The British occupation of Kohima was a landmark in the history of the British colonisation of Naga Hills Broadly speaking. the history of British colonisation may be divided into several periods: The period of control from without conducted by a system of expeditions; the period of interference; and the period of control from within, merging into gradul absorption into British territory.
The British colonisation of Naga territory gradually brought about certain changes in the administration of the Nagas while leaving them to administer their villages according to their respective customs and traditions. This book is a study of the British Colonization and the restructuring of the Naga polity.
N. VENUH is Professor in the Department of History and Archeaology, Nagaland University, Kohima.

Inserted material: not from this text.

(* Assume the setting described in the context, and let $K\in\mathbb{N}$ and $\omega\in\Omega$. For every $d\in\mathbb{N}$, $\varepsilon\in(0,1)$ let $f_\varepsilon\in C(\mathbb{R},\mathbb{R})$ and $\Phi_{f_\varepsilon},\Phi_{g^d_\varepsilon}\in\mathbf{N}$ satisfy $\mathcal{R}(\Phi_{f_\varepsilon})=f_\varepsilon$ and $\mathcal{R}(\Phi_{g^d_\varepsilon})=g^d_\varepsilon$. For every $d\in\mathbb{N}$, $\varepsilon\in(0,1)$ let $U^{d,\theta,K,\varepsilon}_{n,m}\colon[0,T]\times\mathbb{R}^d\times\Omega\to\mathbb{R}$, $\theta\in\Theta$, $n,m\in\mathbb{Z}$, satisfy for all $\theta\in\Theta$, $n\in\mathbb{N}_0$, $m\in\mathbb{N}$, $t\in[0,T]$, $x\in\mathbb{R}^d$ $$U^{d,\theta,K,\varepsilon}_{n,m}(t,x)=\frac{\mathbb{1}_{\mathbb{N}}(n)}{m^n}\sum_{i=1}^{m^n}g^d_\varepsilon\big(X^{d,(\theta,0,-i),K,\varepsilon,t,x}_T\big)+\sum_{\ell=0}^{n-1}\frac{T-t}{m^{n-\ell}}\sum_{i=1}^{m^{n-\ell}}\Big(f_\varepsilon\circ U^{d,(\theta,\ell,i),K,\varepsilon}_{\ell,m}-\mathbb{1}_{\mathbb{N}}(\ell)\,f_\varepsilon\circ U^{d,(\theta,-\ell,i),K,\varepsilon}_{\ell-1,m}\Big)\Big(\mathfrak{T}^{(\theta,\ell,i)}_t,X^{d,(\theta,\ell,i),K,\varepsilon,t,x}_{\mathfrak{T}^{(\theta,\ell,i)}_t}\Big).$$ Let $(c_{d,\varepsilon})_{d\in\mathbb{N},\varepsilon\in(0,1)}\subseteq\mathbb{R}$ satisfy $c_{d,\varepsilon}\ge2d+|||\mathcal{D}(\Phi_{f_\varepsilon})|||+|||\mathcal{D}(\Phi_{g^d_\varepsilon})|||+|||\mathcal{D}(\Phi_{\beta^d_\varepsilon})|||+|||\mathcal{D}(\Phi_{\sigma^d_\varepsilon,0})|||+|||\mathcal{D}(\Phi_{F^d_\varepsilon,0})|||$. Then for all $m\in\mathbb{N}$, $n\in\mathbb{N}_0$, $d\in\mathbb{N}$, $\varepsilon\in(0,1)$ there exists $(\Phi^{d,\theta,K,\varepsilon}_{n,m,t})_{t\in[0,T],\theta\in\Theta}\subseteq\mathbf{N}$ such that: (i) $\mathcal{D}(\Phi^{d,\theta_1,K,\varepsilon}_{n,m,t_1})=\mathcal{D}(\Phi^{d,\theta_2,K,\varepsilon}_{n,m,t_2})$ for all $t_1,t_2\in[0,T]$, $\theta_1,\theta_2\in\Theta$; (ii) for all $t\in[0,T]$, $\theta\in\Theta$: $\dim(\mathcal{D}(\Phi^{d,\theta,K,\varepsilon}_{n,m,t}))=(n+1)\big[K\big(\max\{\dim(\mathcal{D}(\Phi_{\beta^d_\varepsilon})),\dim(\mathcal{D}(\Phi_{\sigma^d_\varepsilon,0})),\dim(\mathcal{D}(\Phi_{F^d_\varepsilon,0}))\}-1\big)+1\big]+n(\dim(\mathcal{D}(\Phi_{f_\varepsilon}))-2)+\dim(\mathcal{D}(\Phi_{g^d_\varepsilon}))-1$; (iii) for all $t\in[0,T]$, $\theta\in\Theta$: $|||\mathcal{D}(\Phi^{d,\theta,K,\varepsilon}_{n,m,t})|||\le c_{d,\varepsilon}(3m)^n$; (iv) for all $t\in[0,T]$, $\theta\in\Theta$, $x\in\mathbb{R}^d$: $U^{d,\theta,K,\varepsilon}_{n,m}(t,x,\omega)=(\mathcal{R}(\Phi^{d,\theta,K,\varepsilon}_{n,m,t}))(x)$.
   Context: Setting. $T\in(0,\infty)$, $c\in[2,\infty)$, $f\in C(\mathbb{R},\mathbb{R})$. For each $d\in\mathbb{N}$: $\beta^d\in C(\mathbb{R}^d,\mathbb{R}^d)$, $\sigma^d\in C(\mathbb{R}^d,\mathbb{R}^{d\times d})$, $\gamma^d\in C(\mathbb{R}^{2d},\mathbb{R}^d)$, $g^d\in C(\mathbb{R}^d,\mathbb{R})$, $\nu^d$ a Lévy measure on $\mathcal{B}(\mathbb{R}^d\setminus\{0\})$, satisfying: (A1) there is $C_d$ with $\|\gamma^d(x,z)\|^2\le C_d(1\wedge\|z\|^2)$, $\|\gamma^d(x,z)-\gamma^d(y,z)\|^2\le C_d\|x-y\|^2(1\wedge\|z\|^2)$; (A2) $D_x\gamma^d(x,z)$ exists and for some $\lambda_d>0$, $\lambda_d\le|\det(I_d+\delta D_x\gamma^d(x,z))|$ for all $x,z$, $\delta\in[0,1]$; (A3) $\|\beta^d(x)-\beta^d(y)\|^2+\|\sigma^d(x)-\sigma^d(y)\|_F^2+\int\|\gamma^d(x,z)-\gamma^d(y,z)\|^2\nu^d(dz)\le c\|x-y\|^2$, $|f(w_1)-f(w_2)|^2\le c|w_1-w_2|^2$, $|g^d(x)-g^d(y)|^2\le cd^cT^{-1}\|x-y\|^2$, $\|\beta^d(0)\|^2+\|\sigma^d(0)\|_F^2+\int\|\gamma^d(0,z)\|^2\nu^d(dz)+T^3(|f(0)|+1)^2+T|g^d(0)|^2\le cd^c$ (integrals over $\mathbb{R}^d\setminus\{0\}$). For $d\in\mathbb{N}$, $\varepsilon\in(0,1)$: $\beta^d_\varepsilon\in C(\mathbb{R}^d,\mathbb{R}^d)$, $\sigma^d_\varepsilon\in C(\mathbb{R}^d,\mathbb{R}^{d\times d})$, $\gamma^d_\varepsilon\in C(\mathbb{R}^{2d},\mathbb{R}^d)$, $g^d_\varepsilon\in C(\mathbb{R}^d,\mathbb{R})$ satisfying: (B1) the analogue of (A1) with a constant $C_{d,\varepsilon}$; (B2) $\|\beta^d_\varepsilon(x)-\beta^d_\varepsilon(y)\|^2+\|\sigma^d_\varepsilon(x)-\sigma^d_\varepsilon(y)\|_F^2+\int\|\gamma^d_\varepsilon(x,z)-\gamma^d_\varepsilon(y,z)\|^2\nu^d(dz)\le c\|x-y\|^2$, $|g^d_\varepsilon(x)-g^d_\varepsilon(y)|^2\le cd^cT^{-1}\|x-y\|^2$, $\|\beta^d_\varepsilon(0)\|^2+\|\sigma^d_\varepsilon(0)\|_F^2+\int\|\gamma^d_\varepsilon(0,z)\|^2\nu^d(dz)+T|g^d_\varepsilon(0)|^2\le cd^c$, and $\|\beta^d_\varepsilon(x)-\beta^d(x)\|^2+\|\sigma^d_\varepsilon(x)-\sigma^d(x)\|_F^2+\int\|\gamma^d_\varepsilon(x,z)-\gamma^d(x,z)\|^2\nu^d(dz)+|g^d_\varepsilon(x)-g^d(x)|^2\le\varepsilon cd^c(d^c+\|x\|^2)$ for all $x,y$. Moreover, for every $d,\varepsilon$, $F^d_\varepsilon\colon\mathbb{R}^d\to\mathbb{R}^{d\times d}$ and $G^d\colon\mathbb{R}^d\to\mathbb{R}^d$ are measurable with $\gamma^d_\varepsilon(y,z)=F^d_\varepsilon(y)G^d(z)$; for every $v\in\mathbb{R}^d$, $\Phi_{\beta^d_\varepsilon},\Phi_{\sigma^d_\varepsilon,v},\Phi_{F^d_\varepsilon,v}\in\mathbf{N}$ satisfy $\beta^d_\varepsilon=\mathcal{R}(\Phi_{\beta^d_\varepsilon})$, $\sigma^d_\varepsilon(\cdot)v=\mathcal{R}(\Phi_{\sigma^d_\varepsilon,v})$, $F^d_\varepsilon(\cdot)v=\mathcal{R}(\Phi_{F^d_\varepsilon,v})$, $\mathcal{D}(\Phi_{\sigma^d_\varepsilon,v})=\mathcal{D}(\Phi_{\sigma^d_\varepsilon,0})$, $\mathcal{D}(\Phi_{F^d_\varepsilon,v})=\mathcal{D}(\Phi_{F^d_\varepsilon,0})$. Probability. $(\Omega,\mathcal{F},\mathbb{P},(\mathbb{F}_t)_{t\in[0,T]})$ a filtered probability space with the usual conditions; $\Theta=\bigcup_{n\in\mathbb{N}}\mathbb{Z}^n$; $\mathfrak{t}^\theta$, $\theta\in\Theta$, i.i.d. uniform on $[0,1]$, $\mathfrak{T}^\theta_t=t+(T-t)\mathfrak{t}^\theta$; for each $d$, $W^{d,\theta}$ i.i.d. standard $d$-dim $(\mathbb{F}_t)$-Brownian motions, $N^{d,\theta}$ independent $(\mathbb{F}_t)$-Poisson random measures on $[0,\infty)\times(\mathbb{R}^d\setminus\{0\})$ with compensator $\nu^d(dz)dt$, $\tilde N^{d,\theta}=N^{d,\theta}-\nu^d(dz)dt$; $\mathcal{F}_0$, $(\mathfrak{t}^\theta)$, $(N^{d,\theta})$, $(W^{d,\theta})$ independent. $\lfloor t\rfloor_K=\max(\{0,\frac TK,\dots,T\}\cap((-\infty,t)\cup\{0\}))$ and $X^{d,\theta,K,\varepsilon,t,x}$ on $[t,T]$ satisfies $X_s=x+\int_t^s\beta^d_\varepsilon(X_{\max\{t,\lfloor u-\rfloor_K\}})du+\int_t^s\sigma^d_\varepsilon(X_{\max\{t,\lfloor u-\rfloor_K\}})dW^{d,\theta}_u+\int_t^s\int_{\mathbb{R}^d\setminus\{0\}}\gamma^d_\varepsilon(X_{\max\{t,\lfloor u-\rfloor_K\}},z)\tilde N^{d,\theta}(dz,du)$. Networks. $\mathbf{A}_k$ componentwise ReLU; $\mathbf{N}=\bigcup_{H\in\mathbb{N}}\bigcup_{(k_0,\dots,k_{H+1})\in\mathbb{N}^{H+2}}\prod_{j=1}^{H+1}(\mathbb{R}^{k_j\times k_{j-1}}\times\mathbb{R}^{k_j})$; for $\Phi=((W_1,B_1),\dots,(W_{H+1},B_{H+1}))$: $\mathcal{D}(\Phi)=(k_0,\dots,k_{H+1})$, $\mathcal{R}(\Phi)\in C(\mathbb{R}^{k_0},\mathbb{R}^{k_{H+1}})$, $(\mathcal{R}(\Phi))(x_0)=W_{H+1}x_H+B_{H+1}$ with $x_j=\mathbf{A}_{k_j}(W_jx_{j-1}+B_j)$. For a vector $x=(x_1,\dots,x_k)$: $\dim(x)=k$, $|||x|||=\max_i|x_i|$. $\|\cdot\|$ Euclidean, $\|\cdot\|_F$ Frobenius norm. *)

theory Defs
  imports "HOL-Analysis.Finite_Product_Measure" "Jordan_Normal_Form.Determinant"
begin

He is the former Dean of the School of Social Sciences, Nagaland Univerity. He has published another two books entitled "Continuity and Change in the Naga Society and "People, Heritage and Oral History of Naga".
By occupying Assam in the Anglo-Burmese War of 1824- 26, the British had stepped into the shoes of the Ahom ruling power that had maintained its age-old relations with the hill people. One of them was the Nagas, who had been occupying a very wide belt of hilly country from the upper Buri-Dihing to the upper Doyang regions on the south-eastern border. Divided into fifteen tribes, the Nagas were then known to the plains people by a variety of local names. Several Naga tribes inhabiting near the border visited the plains for bartering their products or transacting business of political nature with the Ahom government. Occasionally, for various reasons, such relations turned sour leading to raids on the plain villages by the Nagas and the consequent punitive military expeditions by the Ahom army against the erring tribe. On the whole, the Ahoms being a regional power confined to the Brahmaputra valley did not interfere, even for once, in the internal administration of the Naga tribes, nor did they occupy any portion of their hills. Without any outside interference the Nagas had retained their age-old polity, customs and traditions, beliefs and the customary laws.

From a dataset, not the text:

(* Let $n\ge 2$ be an integer and let $(x_0,y_0),\dots,(x_n,y_n)\in\mathbb{R}^2$ with $a:=x_0<x_1<\dots<x_n=:b$. For each $k\in\{1,\dots,n\}$ fix $d_k\in[0,1)$ and put \[ a_k=\frac{x_k-x_{k-1}}{x_n-x_0},\quad b_k=\frac{x_nx_{k-1}-x_0x_k}{x_n-x_0},\quad c_k=\frac{y_k-y_{k-1}}{x_n-x_0}-d_k\frac{y_n-y_0}{x_n-x_0},\quad e_k=\frac{x_ny_{k-1}-x_0y_k}{x_n-x_0}-d_k\frac{x_ny_0-x_0y_n}{x_n-x_0}, \] and $f_k(x,y)=(a_kx+b_k,\;c_kx+d_ky+e_k)$. Let $\theta=1$ if $c_1=\dots=c_n=0$ and $\theta=\dfrac{1-\max_k a_k}{2\max_k|c_k|}$ otherwise. Let $f:[a,b]\to\mathbb{R}$ be the affine fractal interpolation function associated with these data and $G_f=\{(x,f(x)):x\in[a,b]\}$. For $k\in\{1,\dots,n\}$ set \[ u_k=\frac{b_k}{1-a_k},\qquad v_k=\frac{b_kc_k}{(1-a_k)(1-d_k)}+\frac{e_k}{1-d_k},\qquad s_k=\max\{a_k+\theta|c_k|,\,d_k\}, \] and $M=\max_{i,j\in\{1,\dots,n\}}\left(|u_i-u_j|+\theta|v_i-v_j|\right)$. Let $\sigma$ be a permutation of $\{1,\dots,n\}$ with $s_{\sigma(1)}\le\dots\le s_{\sigma(n)}$, and let $D=1-s_{\sigma(n-1)}s_{\sigma(n)}$. Define \[ A=\min\left\{\min_{1\le j\le n-1}\left(v_{\sigma(j)}-\frac{Ms_{\sigma(j)}(1+s_{\sigma(n)})}{\theta D}\right),\ v_{\sigma(n)}-\frac{Ms_{\sigma(n)}(1+s_{\sigma(n-1)})}{\theta D}\right\}, \] \[ B=\max\left\{\max_{1\le j\le n-1}\left(v_{\sigma(j)}+\frac{Ms_{\sigma(j)}(1+s_{\sigma(n)})}{\theta D}\right),\ v_{\sigma(n)}+\frac{Ms_{\sigma(n)}(1+s_{\sigma(n-1)})}{\theta D}\right\}. \] Then $G_f\subseteq[a,b]\times[A,B]$.
   Context: The maps $f_k$ are contractions for the metric $\rho((u_1,v_1),(u_2,v_2))=|u_1-u_2|+\theta|v_1-v_2|$ on $\mathbb{R}^2$, and the attractor of the iterated function system $\{f_1,\dots,f_n\}$ is the unique nonempty compact set $K\subseteq\mathbb{R}^2$ with $K=\bigcup_{k=1}^n f_k(K)$. The affine fractal interpolation function is the continuous function $f:[a,b]\to\mathbb{R}$ with $f(x_k)=y_k$ for all $k\in\{0,\dots,n\}$ whose graph equals this attractor. *)

theory Defs
  imports "HOL-Analysis.Analysis" "HOL-Combinatorics.Permutations"
begin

Before the British colonization of the Naga Hills, the Nagas had their own form of polity based on their age-old experience, customs and traditions. Each village being an independent political unit had its own administrative mechanism. Any problem in the village, of whatever nature and degree of seriousness, was settled by a council either of the village elders or by the chief assisted by a council without reference to any other sovereign power. The political authority of each council in the village was absolutely independent and supreme; and here lies the significance of the Naga polity.
The colonization of the British had brought into existence a completely new situation in the region. In building their colonial empire during the nineteenth century, the colonial administrators seized every opportunity to extend their influence or political authority.